==== Exercise materials

lemma meets_pinning_family_except_prism_yz:
  assumes "0 < e" "e \<le> 1" "Q \<in> pinning_family N C" "Q \<noteq> half_plane_prism (1/3) (1/2) 1 1 C"
  shows "graph_line (e * 0) (e * - 1) (e * 0) (e * 0) \<inter> Q \<noteq> {}"
  using assms(3)
proof (cases rule: pinning_family_cases)
  case segment_z
  show ?thesis unfolding segment_z
    by (rule scaled_graph_line_meets_segment_z[OF assms(1,2)]) (use radius_ge_8 in simp_all)
next
  case segment_y
  show ?thesis unfolding segment_y
    by (rule scaled_graph_line_meets_segment_y[OF assms(1,2)]) (use radius_ge_8 in simp_all)
next
  case prism_z
  show ?thesis unfolding prism_z
    by (rule scaled_graph_line_meets_half_plane_prism[OF assms(1,2), where x = 2 and y = "-2" and z = 0])
      (use radius_ge_8 in simp_all)
next
  case prism_N
  show ?thesis unfolding prism_N
    by (rule scaled_graph_line_meets_half_plane_prism[OF assms(1,2), where x = 2 and y = "-2" and z = 0])
      (use radius_ge_8 in simp_all)
next
  case (prism_k k)
  show ?thesis unfolding prism_k(2)
    by (rule scaled_graph_line_meets_half_plane_prism[OF assms(1,2), where x = 0 and y = 0 and z = 0])
      (use radius_ge_8 prism_k(1) in simp_all)
qed (use assms(4) in simp)

lemma meets_pinning_family_except_prism_N:
  assumes "0 < e" "e \<le> 1" "Q \<in> pinning_family N C" "Q \<noteq> half_plane_prism (1/2) 2 (-1) (2 * real N) C"
  shows "graph_line (e * 0) (e * 1) (e * 0) (e * 0) \<inter> Q \<noteq> {}"
  using assms(3)
proof (cases rule: pinning_family_cases)
  case segment_z
  show ?thesis unfolding segment_z
    by (rule scaled_graph_line_meets_segment_z[OF assms(1,2)]) (use radius_ge_8 in simp_all)
next
  case segment_y
  show ?thesis unfolding segment_y
    by (rule scaled_graph_line_meets_segment_y[OF assms(1,2)]) (use radius_ge_8 in simp_all)
next
  case prism_z
  show ?thesis unfolding prism_z
    by (rule scaled_graph_line_meets_half_plane_prism[OF assms(1,2), where x = 2 and y = 2 and z = 0])
      (use radius_ge_8 in simp_all)
next
  case prism_yz
  show ?thesis unfolding prism_yz
    by (rule scaled_graph_line_meets_half_plane_prism[OF assms(1,2), where x = "1/2" and y = "1/2" and z = 0])
      (use radius_ge_8 in simp_all)
next
  case (prism_k k)
  show ?thesis unfolding prism_k(2)
    by (rule scaled_graph_line_meets_half_plane_prism[OF assms(1,2), where x = 0 and y = 0 and z = 0])
      (use radius_ge_8 prism_k(1) in simp_all)
qed (use assms(4) in simp)

lemma meets_pinning_family_except_prism_k:
  assumes "0 < e" "e \<le> 1" "Q \<in> pinning_family N C" "k \<in> {1..N}"
    and "Q \<noteq> half_plane_prism (- real k) (real k) (-1) (real k) C"
  shows "graph_line (e * 0) (e * real k) (e * - 1) (e * 1) \<inter> Q \<noteq> {}"
proof -
  have k: "1 \<le> real k" "real k \<le> real N" using assms(4) by auto
  have bound_k: "2 * (2 * real k + 1) \<le> C" using radius_bound[of 1 k] assms(4) N by simp
  from assms(3) show ?thesis
  proof (cases rule: pinning_family_cases)
    case segment_z
    show ?thesis unfolding segment_z
      by (rule scaled_graph_line_meets_segment_z[OF assms(1,2)]) (use radius_ge_8 in simp_all)
  next
    case segment_y
    show ?thesis unfolding segment_y
      by (rule scaled_graph_line_meets_segment_y[OF assms(1,2)]) (use bound_k in simp_all)
  next
    case prism_z
    show ?thesis unfolding prism_z
      by (rule scaled_graph_line_meets_half_plane_prism[OF assms(1,2), where x = 2 and y = "2 * real k" and z = 1])
        (use radius_ge_8 k bound_k in simp_all)
  next
    case prism_yz
    show ?thesis unfolding prism_yz
      by (rule scaled_graph_line_meets_half_plane_prism[OF assms(1,2), where x = "1/2" and y = "real k / 2" and z = "-1/2"])
        (use k bound_k in simp_all)
  next
    case prism_N
    show ?thesis unfolding prism_N
      by (rule scaled_graph_line_meets_half_plane_prism[OF assms(1,2), where x = 2 and y = "2 * real k" and z = 1])
        (use k bound_k in simp_all)
  next
    case (prism_k j)
    have j: "1 \<le> real j" "real j \<le> real N" using prism_k(1) by auto
    have bound_jk: "2 * (real j * real k + real j + 1) \<le> C"
      using radius_bound[of j k] prism_k(1) assms(4) by (simp add: algebra_simps)
    consider "k < j" | "j < k" using prism_k(2) assms(5) by fastforce
    then show ?thesis
    proof cases
      case 1
      then have "0 \<le> real j * (real j - 1 - real k)" using k by simp
      then show ?thesis unfolding prism_k(2)
        by (rule_tac scaled_graph_line_meets_half_plane_prism[OF assms(1,2), where x = "real j"
            and y = "real j * real k" and z = "real j - 1"])
          (use j k bound_jk radius_ge_8 in \<open>simp_all add: algebra_simps\<close>)
    next
      case 2
      then have "0 \<le> real j * (real k - 1 - real j)" using j by simp
      then show ?thesis unfolding prism_k(2)
        by (rule_tac scaled_graph_line_meets_half_plane_prism[OF assms(1,2), where x = "- real j"
            and y = "- (real j * real k)" and z = "- real j - 1"])
          (use j k bound_jk radius_ge_8 in \<open>simp_all add: algebra_simps\<close>)
    qed
  qed
qed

========

Work to complete: Give the number of lines that include the word "assumes" in the listing. Nothing else belongs in the reply.

Reply: 3